Where the records below show a line containing "theory Defs", start copying; end with the line containing "(\<forall>l S k.", and copy it too.

※ ※ ※

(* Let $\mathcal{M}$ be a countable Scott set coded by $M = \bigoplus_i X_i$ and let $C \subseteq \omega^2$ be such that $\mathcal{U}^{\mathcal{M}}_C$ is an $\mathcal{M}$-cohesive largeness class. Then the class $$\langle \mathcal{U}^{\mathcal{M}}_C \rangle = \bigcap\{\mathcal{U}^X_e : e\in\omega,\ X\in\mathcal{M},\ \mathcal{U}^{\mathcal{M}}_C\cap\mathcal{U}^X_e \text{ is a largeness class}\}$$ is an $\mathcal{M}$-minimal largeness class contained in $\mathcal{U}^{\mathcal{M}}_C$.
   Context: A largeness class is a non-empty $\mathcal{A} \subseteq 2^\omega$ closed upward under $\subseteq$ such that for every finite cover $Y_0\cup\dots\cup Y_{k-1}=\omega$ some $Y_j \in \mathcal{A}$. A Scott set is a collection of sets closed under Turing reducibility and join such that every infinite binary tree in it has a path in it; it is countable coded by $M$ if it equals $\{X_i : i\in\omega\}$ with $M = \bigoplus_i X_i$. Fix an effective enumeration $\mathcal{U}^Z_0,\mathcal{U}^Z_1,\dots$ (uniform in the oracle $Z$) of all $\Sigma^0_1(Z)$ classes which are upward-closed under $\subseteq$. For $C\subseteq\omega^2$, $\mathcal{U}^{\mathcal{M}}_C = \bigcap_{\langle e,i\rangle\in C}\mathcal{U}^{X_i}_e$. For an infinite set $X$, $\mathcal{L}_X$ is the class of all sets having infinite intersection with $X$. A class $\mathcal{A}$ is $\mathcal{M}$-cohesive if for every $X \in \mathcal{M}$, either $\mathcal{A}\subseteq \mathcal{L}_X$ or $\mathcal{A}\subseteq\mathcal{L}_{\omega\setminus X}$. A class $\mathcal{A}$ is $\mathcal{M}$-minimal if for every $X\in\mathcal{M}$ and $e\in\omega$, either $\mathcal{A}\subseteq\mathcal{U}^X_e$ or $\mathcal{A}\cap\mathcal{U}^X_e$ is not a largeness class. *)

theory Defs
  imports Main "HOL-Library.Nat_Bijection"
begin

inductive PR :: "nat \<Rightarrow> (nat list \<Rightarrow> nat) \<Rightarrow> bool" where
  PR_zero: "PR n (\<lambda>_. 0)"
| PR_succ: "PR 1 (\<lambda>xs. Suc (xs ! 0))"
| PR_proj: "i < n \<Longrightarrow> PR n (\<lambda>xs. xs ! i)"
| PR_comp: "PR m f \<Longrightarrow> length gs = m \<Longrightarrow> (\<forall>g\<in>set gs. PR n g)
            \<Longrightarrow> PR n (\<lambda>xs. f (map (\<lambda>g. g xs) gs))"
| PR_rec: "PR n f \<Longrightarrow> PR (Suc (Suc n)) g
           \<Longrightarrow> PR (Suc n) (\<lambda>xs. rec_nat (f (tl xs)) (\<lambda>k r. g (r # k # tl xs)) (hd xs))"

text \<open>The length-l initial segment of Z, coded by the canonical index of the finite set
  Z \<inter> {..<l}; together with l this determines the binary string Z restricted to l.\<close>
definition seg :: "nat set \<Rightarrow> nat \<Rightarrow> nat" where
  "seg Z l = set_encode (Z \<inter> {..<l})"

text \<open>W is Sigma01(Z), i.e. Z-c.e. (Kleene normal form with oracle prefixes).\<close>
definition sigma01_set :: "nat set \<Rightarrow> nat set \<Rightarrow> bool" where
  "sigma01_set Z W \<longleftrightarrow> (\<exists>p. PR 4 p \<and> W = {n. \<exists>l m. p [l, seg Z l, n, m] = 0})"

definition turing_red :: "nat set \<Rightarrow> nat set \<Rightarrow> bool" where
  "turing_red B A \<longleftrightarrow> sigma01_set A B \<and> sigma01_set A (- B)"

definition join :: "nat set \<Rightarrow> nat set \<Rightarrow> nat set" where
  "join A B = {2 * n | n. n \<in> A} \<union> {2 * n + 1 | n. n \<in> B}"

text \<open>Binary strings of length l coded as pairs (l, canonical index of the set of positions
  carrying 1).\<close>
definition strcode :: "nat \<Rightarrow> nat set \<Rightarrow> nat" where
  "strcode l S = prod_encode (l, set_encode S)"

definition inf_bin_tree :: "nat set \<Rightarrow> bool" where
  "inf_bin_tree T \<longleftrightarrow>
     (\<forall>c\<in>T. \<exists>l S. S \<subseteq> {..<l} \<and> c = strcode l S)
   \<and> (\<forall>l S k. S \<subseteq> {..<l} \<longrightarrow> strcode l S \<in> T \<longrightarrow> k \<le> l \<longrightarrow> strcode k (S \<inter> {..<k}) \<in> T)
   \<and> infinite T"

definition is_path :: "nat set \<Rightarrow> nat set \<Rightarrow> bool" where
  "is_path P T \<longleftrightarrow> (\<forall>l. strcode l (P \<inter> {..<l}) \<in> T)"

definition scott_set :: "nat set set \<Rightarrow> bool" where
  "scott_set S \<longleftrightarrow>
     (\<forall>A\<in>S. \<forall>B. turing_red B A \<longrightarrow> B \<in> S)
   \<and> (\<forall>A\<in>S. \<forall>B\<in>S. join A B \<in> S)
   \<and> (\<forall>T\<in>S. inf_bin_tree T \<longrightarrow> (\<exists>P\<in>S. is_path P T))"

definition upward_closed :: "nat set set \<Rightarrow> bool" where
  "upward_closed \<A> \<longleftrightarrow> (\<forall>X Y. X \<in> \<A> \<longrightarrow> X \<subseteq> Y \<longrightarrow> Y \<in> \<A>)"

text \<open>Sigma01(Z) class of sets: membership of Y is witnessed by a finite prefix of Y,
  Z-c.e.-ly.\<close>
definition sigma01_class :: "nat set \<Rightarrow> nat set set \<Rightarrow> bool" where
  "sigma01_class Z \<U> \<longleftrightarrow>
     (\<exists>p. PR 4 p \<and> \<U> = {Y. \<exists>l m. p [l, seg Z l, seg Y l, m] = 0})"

※ ※ ※

# [FINAL ANSWER]
theory Defs
  imports Main "HOL-Library.Nat_Bijection"
begin

inductive PR :: "nat \<Rightarrow> (nat list \<Rightarrow> nat) \<Rightarrow> bool" where
  PR_zero: "PR n (\<lambda>_. 0)"
| PR_succ: "PR 1 (\<lambda>xs. Suc (xs ! 0))"
| PR_proj: "i < n \<Longrightarrow> PR n (\<lambda>xs. xs ! i)"
| PR_comp: "PR m f \<Longrightarrow> length gs = m \<Longrightarrow> (\<forall>g\<in>set gs. PR n g)
            \<Longrightarrow> PR n (\<lambda>xs. f (map (\<lambda>g. g xs) gs))"
| PR_rec: "PR n f \<Longrightarrow> PR (Suc (Suc n)) g
           \<Longrightarrow> PR (Suc n) (\<lambda>xs. rec_nat (f (tl xs)) (\<lambda>k r. g (r # k # tl xs)) (hd xs))"

text \<open>The length-l initial segment of Z, coded by the canonical index of the finite set
  Z \<inter> {..<l}; together with l this determines the binary string Z restricted to l.\<close>
definition seg :: "nat set \<Rightarrow> nat \<Rightarrow> nat" where
  "seg Z l = set_encode (Z \<inter> {..<l})"

text \<open>W is Sigma01(Z), i.e. Z-c.e. (Kleene normal form with oracle prefixes).\<close>
definition sigma01_set :: "nat set \<Rightarrow> nat set \<Rightarrow> bool" where
  "sigma01_set Z W \<longleftrightarrow> (\<exists>p. PR 4 p \<and> W = {n. \<exists>l m. p [l, seg Z l, n, m] = 0})"

definition turing_red :: "nat set \<Rightarrow> nat set \<Rightarrow> bool" where
  "turing_red B A \<longleftrightarrow> sigma01_set A B \<and> sigma01_set A (- B)"

definition join :: "nat set \<Rightarrow> nat set \<Rightarrow> nat set" where
  "join A B = {2 * n | n. n \<in> A} \<union> {2 * n + 1 | n. n \<in> B}"

text \<open>Binary strings of length l coded as pairs (l, canonical index of the set of positions
  carrying 1).\<close>
definition strcode :: "nat \<Rightarrow> nat set \<Rightarrow> nat" where
  "strcode l S = prod_encode (l, set_encode S)"

definition inf_bin_tree :: "nat set \<Rightarrow> bool" where
  "inf_bin_tree T \<longleftrightarrow>
     (\<forall>c\<in>T. \<exists>l S. S \<subseteq> {..<l} \<and> c = strcode l S)
   \<and> (\<forall>l S k. S \<subseteq> {..<l} \<longrightarrow> strcode l S \<in> T \<longrightarrow> k \<le> l \<longrightarrow> strcode k (S \<inter> {..<k}) \<in> T)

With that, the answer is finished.